TASK ITEM: Copy, exactly and without additions, every line in the records below from the one holding "real) \<Rightarrow> (real" through the one holding "using strict_mono_onD[OF Diff1p_strict_mono[OF", both ends included.

------

lemma psi_le_scaled:
  assumes "0 < s" "s \<le> r" "r \<le> 1"
  shows "\<psi> s \<le> (s / r) powr \<alpha> * \<psi> r / c"
proof -
  have "0 < s powr \<alpha>" "0 < r powr \<alpha>" using assms by auto
  then have "c * \<psi> s \<le> \<psi> r * s powr \<alpha> / r powr \<alpha>"
    using psi_almost_increasing[OF assms] by (simp add: field_simps)
  then have "\<psi> s \<le> (\<psi> r * s powr \<alpha> / r powr \<alpha>) / c"
    using c_pos by (metis mult.commute pos_le_divide_eq)
  then show ?thesis
    by (simp add: powr_divide mult_ac)
qed

lemma second_diff_le:
  assumes "0 < r" "r \<le> 1" "norm w \<le> r"
  shows "\<bar>f (y + w) - 2 * f y + f (y - w)\<bar> \<le> k * \<psi> r / c"
proof (cases "w = 0")
  case True
  then show ?thesis using psi_pos[OF assms(1,2)] c_pos k_nonneg by simp
next
  case False
  then have w: "0 < norm w" by simp
  have "(norm w / r) powr \<alpha> \<le> 1"
    using assms alpha_gt_1 w by (intro powr_le1) (auto simp: divide_le_eq_1)
  moreover have "0 \<le> \<psi> r / c" using psi_pos[OF assms(1,2)] c_pos by auto
  ultimately have "(norm w / r) powr \<alpha> * \<psi> r / c \<le> \<psi> r / c"
    using mult_right_mono[of _ 1 "\<psi> r / c"] by simp
  then have "\<psi> (norm w) \<le> \<psi> r / c"
    using psi_le_scaled[OF w assms(3,2)] by linarith
  then have "k * \<psi> (norm w) \<le> k * \<psi> r / c"
    using k_nonneg mult_left_mono by fastforce
  moreover have "\<bar>f (y + w) - 2 * f y + f (y - w)\<bar> \<le> k * \<psi> (norm w)"
    using second_diff_bound[OF w] assms by simp
  ultimately show ?thesis by linarith
qed

definition diff_quot :: "'a \<Rightarrow> real \<Rightarrow> real" where
  "diff_quot y t = (f (y + t *\<^sub>R e) - f y) / t"
(* If $G\subset \mathrm{Diff}^1_+([0,1])$ is $C^1$-close to the identity, then $G$ is without linked fixed points.
   Context: A group $G\subset \mathrm{Diff}^1_+([0,1])$ is $C^1$-close to the identity if there is a sequence $h_n\in \mathrm{Diff}^1_+([0,1])$ such that $h_n g h_n^{-1}\to \mathrm{id}$ in the $C^1$-topology as $n\to\infty$, for every $g\in G$. For a group $G$ of homeomorphisms of $[0,1]$, a pair of successive fixed points of $G$ is a pair $\{a,b\}$, $a<b$, such that $(a,b)$ is a connected component of $[0,1]\setminus \mathrm{Fix}(g)$ for some $g\in G$. Two pairs $\{a,b\}$ and $\{c,d\}$ are linked if $(a,b)\cap\{c,d\}$ or $(c,d)\cap\{a,b\}$ consists of exactly one point. $G$ is without linked fixed points if no two pairs of successive fixed points of $G$ are linked. *)

theory Defs
  imports "HOL-Analysis.Analysis"
begin

text \<open>Maps are real functions; only their values on [0,1] are relevant.\<close>

definition C1_on01 :: "(real \<Rightarrow> real) \<Rightarrow> bool" where
  "C1_on01 f \<longleftrightarrow> (\<exists>f'. continuous_on {0..1} f' \<and>
      (\<forall>x\<in>{0..1}. (f has_real_derivative f' x) (at x within {0..1})))"

definition Diff1p :: "(real \<Rightarrow> real) set" where
  "Diff1p = {f. bij_betw f {0..1} {0..1} \<and> strict_mono_on {0..1} f \<and>
      C1_on01 f \<and> C1_on01 (inv_into {0..1} f)}"

definition is_group01 :: "(real \<Rightarrow> real) set \<Rightarrow> bool" where
  "is_group01 G \<longleftrightarrow> G \<subseteq> Diff1p \<and>
     (\<exists>k\<in>G. \<forall>x\<in>{0..1}. k x = x) \<and>
     (\<forall>f\<in>G. \<forall>g\<in>G. \<exists>k\<in>G. \<forall>x\<in>{0..1}. k x = f (g x)) \<and>
     (\<forall>g\<in>G. \<exists>k\<in>G. \<forall>x\<in>{0..1}. k x = inv_into {0..1} g x)"

definition C1_tendsto_id :: "(nat \<Rightarrow> real \<Rightarrow> real) \<Rightarrow> bool" where
  "C1_tendsto_id k \<longleftrightarrow> (\<exists>d :: nat \<Rightarrow> real \<Rightarrow> real.
      (\<forall>n. \<forall>x\<in>{0..1}. (k n has_real_derivative d n x) (at x within {0..1})) \<and>
      (\<forall>e>0. \<forall>\<^sub>F n in sequentially. \<forall>x\<in>{0..1}.
           \<bar>k n x - x\<bar> < e \<and> \<bar>d n x - 1\<bar> < e))"

definition C1_close_to_id :: "(real \<Rightarrow> real) set \<Rightarrow> bool" where
  "C1_close_to_id G \<longleftrightarrow> (\<exists>h :: nat \<Rightarrow> real \<Rightarrow> real. (\<forall>n. h n \<in> Diff1p) \<and>
      (\<forall>g\<in>G. C1_tendsto_id (\<lambda>n x. h n (g (inv_into {0..1} (h n) x)))))"

definition Fix01 :: "(real \<Rightarrow> real) \<Rightarrow> real set" where
  "Fix01 g = {x\<in>{0..1}. g x = x}"

definition succ_fixed_pair :: "(real \<Rightarrow> real) set \<Rightarrow> real \<Rightarrow> real \<Rightarrow> bool" where
  "succ_fixed_pair G a b \<longleftrightarrow> a < b \<and>
     (\<exists>g\<in>G. {a<..<b} \<in> components ({0..1} - Fix01 g))"

definition linked :: "real \<Rightarrow> real \<Rightarrow> real \<Rightarrow> real \<Rightarrow> bool" where
  "linked a b c d \<longleftrightarrow> card ({a<..<b} \<inter> {c, d}) = 1 \<or> card ({c<..<d} \<inter> {a, b}) = 1"

definition without_linked_fixed_points :: "(real \<Rightarrow> real) set \<Rightarrow> bool" where
  "without_linked_fixed_points G \<longleftrightarrow>
     \<not> (\<exists>a b c d. succ_fixed_pair G a b \<and> succ_fixed_pair G c d \<and> linked a b c d)"

end

theory Submission
  imports Defs
begin

text \<open>After conjugating by \<open>h\<^sub>n\<close> for large n, any two elements of G have derivative
  close to 1 on [0,1], so each of them stretches every interval [u,v] by a factor at least 3/4.
  Hence no two elements A, B can map [u,v] into two subintervals of [u,v] with disjoint
  interiors: their lengths would add up to at least 3/2 times the length of [u,v].
  If two pairs of successive fixed points were linked, say \<open>a < c < b \<le> d\<close>, take
  P \<in> G pushing (a,b) to the right and Q \<in> G pushing (c,d) to the left. The Q-orbits in
  (c,b) converge to c, so for suitable m, n the maps \<open>Q\<^sup>m \<circ> P\<close> and \<open>Q\<^sup>n \<circ> P\<close> put
  [c, P c] into exactly this forbidden position. The case of a common left endpoint is the
  mirror image of this one.\<close>

definition splits_interval :: "(real \<Rightarrow> real) \<Rightarrow> (real \<Rightarrow> real) \<Rightarrow> real \<Rightarrow> real \<Rightarrow> bool" where
  "splits_interval A B u v \<longleftrightarrow> u < v \<and> u \<le> A u \<and> A v \<le> B u \<and> B v \<le> v"

lemma Diff1p_strict_mono: "f \<in> Diff1p \<Longrightarrow> strict_mono_on {0..1} f"
  by (simp add: Diff1p_def)

lemma Diff1p_mono: "f \<in> Diff1p \<Longrightarrow> x \<in> {0..1} \<Longrightarrow> y \<in> {0..1} \<Longrightarrow> x \<le> y \<Longrightarrow> f x \<le> f y"
  by (metis Diff1p_strict_mono order_le_less strict_mono_onD)

lemma Diff1p_maps_into: "f \<in> Diff1p \<Longrightarrow> x \<in> {0..1} \<Longrightarrow> f x \<in> {0..1}"
  unfolding Diff1p_def by (auto dest: bij_betwE)

lemma Diff1p_image: "f \<in> Diff1p \<Longrightarrow> f ` {0..1} = {0..1}"
  by (simp add: Diff1p_def bij_betw_def)

lemma Diff1p_continuous: "f \<in> Diff1p \<Longrightarrow> continuous_on {0..1} f"
  unfolding Diff1p_def C1_on01_def by (auto intro: DERIV_continuous_on)

lemma Diff1p_maps_Ioo:
  assumes "f \<in> Diff1p" "0 \<le> a" "b \<le> 1" "f a = a" "f b = b" "x \<in> {a<..<b}"
  shows "f x \<in> {a<..<b}"
  using strict_mono_onD[OF Diff1p_strict_mono[OF assms(1)], of a x]
    strict_mono_onD[OF Diff1p_strict_mono[OF assms(1)], of x b] assms by auto

lemma increment_ge_if_deriv_ge:
  fixes k d :: "real \<Rightarrow> real"
  assumes deriv: "\<forall>x\<in>{a..b}. (k has_real_derivative d x) (at x within {a..b})"
    and bound: "\<forall>x\<in>{a..b}. c \<le> d x" and "a \<le> p" "p \<le> q" "q \<le> b"
  shows "c * (q - p) \<le> k q - k p"
proof -
  have "(\<lambda>x. k x - c * x) p \<le> (\<lambda>x. k x - c * x) q"
  proof (rule DERIV_nonneg_imp_increasing_open[OF \<open>p \<le> q\<close>])
    fix x assume "p < x" "x < q"
    then have x: "x \<in> {a..b}" "a < x" "x < b" using assms by auto
    then have "(k has_real_derivative d x) (at x)" using deriv at_within_Icc_at by metis
    then have "((\<lambda>x. k x - c * x) has_real_derivative d x - c) (at x)"
      by (auto intro!: derivative_eq_intros)
    then show "\<exists>y. ((\<lambda>x. k x - c * x) has_real_derivative y) (at x) \<and> 0 \<le> y"
      using bound x(1) by force
  next
    have "continuous_on {a..b} k" using deriv by (intro DERIV_continuous_on) auto
    then show "continuous_on {p..q} (\<lambda>x. k x - c * x)"
      using assms by (auto intro!: continuous_intros elim: continuous_on_subset)
  qed
  then show ?thesis by (simp add: algebra_simps)
qed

------

ANSWER BOX:
definition splits_interval :: "(real \<Rightarrow> real) \<Rightarrow> (real \<Rightarrow> real) \<Rightarrow> real \<Rightarrow> real \<Rightarrow> bool" where
  "splits_interval A B u v \<longleftrightarrow> u < v \<and> u \<le> A u \<and> A v \<le> B u \<and> B v \<le> v"

lemma Diff1p_strict_mono: "f \<in> Diff1p \<Longrightarrow> strict_mono_on {0..1} f"
  by (simp add: Diff1p_def)

lemma Diff1p_mono: "f \<in> Diff1p \<Longrightarrow> x \<in> {0..1} \<Longrightarrow> y \<in> {0..1} \<Longrightarrow> x \<le> y \<Longrightarrow> f x \<le> f y"
  by (metis Diff1p_strict_mono order_le_less strict_mono_onD)

lemma Diff1p_maps_into: "f \<in> Diff1p \<Longrightarrow> x \<in> {0..1} \<Longrightarrow> f x \<in> {0..1}"
  unfolding Diff1p_def by (auto dest: bij_betwE)

lemma Diff1p_image: "f \<in> Diff1p \<Longrightarrow> f ` {0..1} = {0..1}"
  by (simp add: Diff1p_def bij_betw_def)

lemma Diff1p_continuous: "f \<in> Diff1p \<Longrightarrow> continuous_on {0..1} f"
  unfolding Diff1p_def C1_on01_def by (auto intro: DERIV_continuous_on)

lemma Diff1p_maps_Ioo:
  assumes "f \<in> Diff1p" "0 \<le> a" "b \<le> 1" "f a = a" "f b = b" "x \<in> {a<..<b}"
  shows "f x \<in> {a<..<b}"
  using strict_mono_onD[OF Diff1p_strict_mono[OF assms(1)], of a x]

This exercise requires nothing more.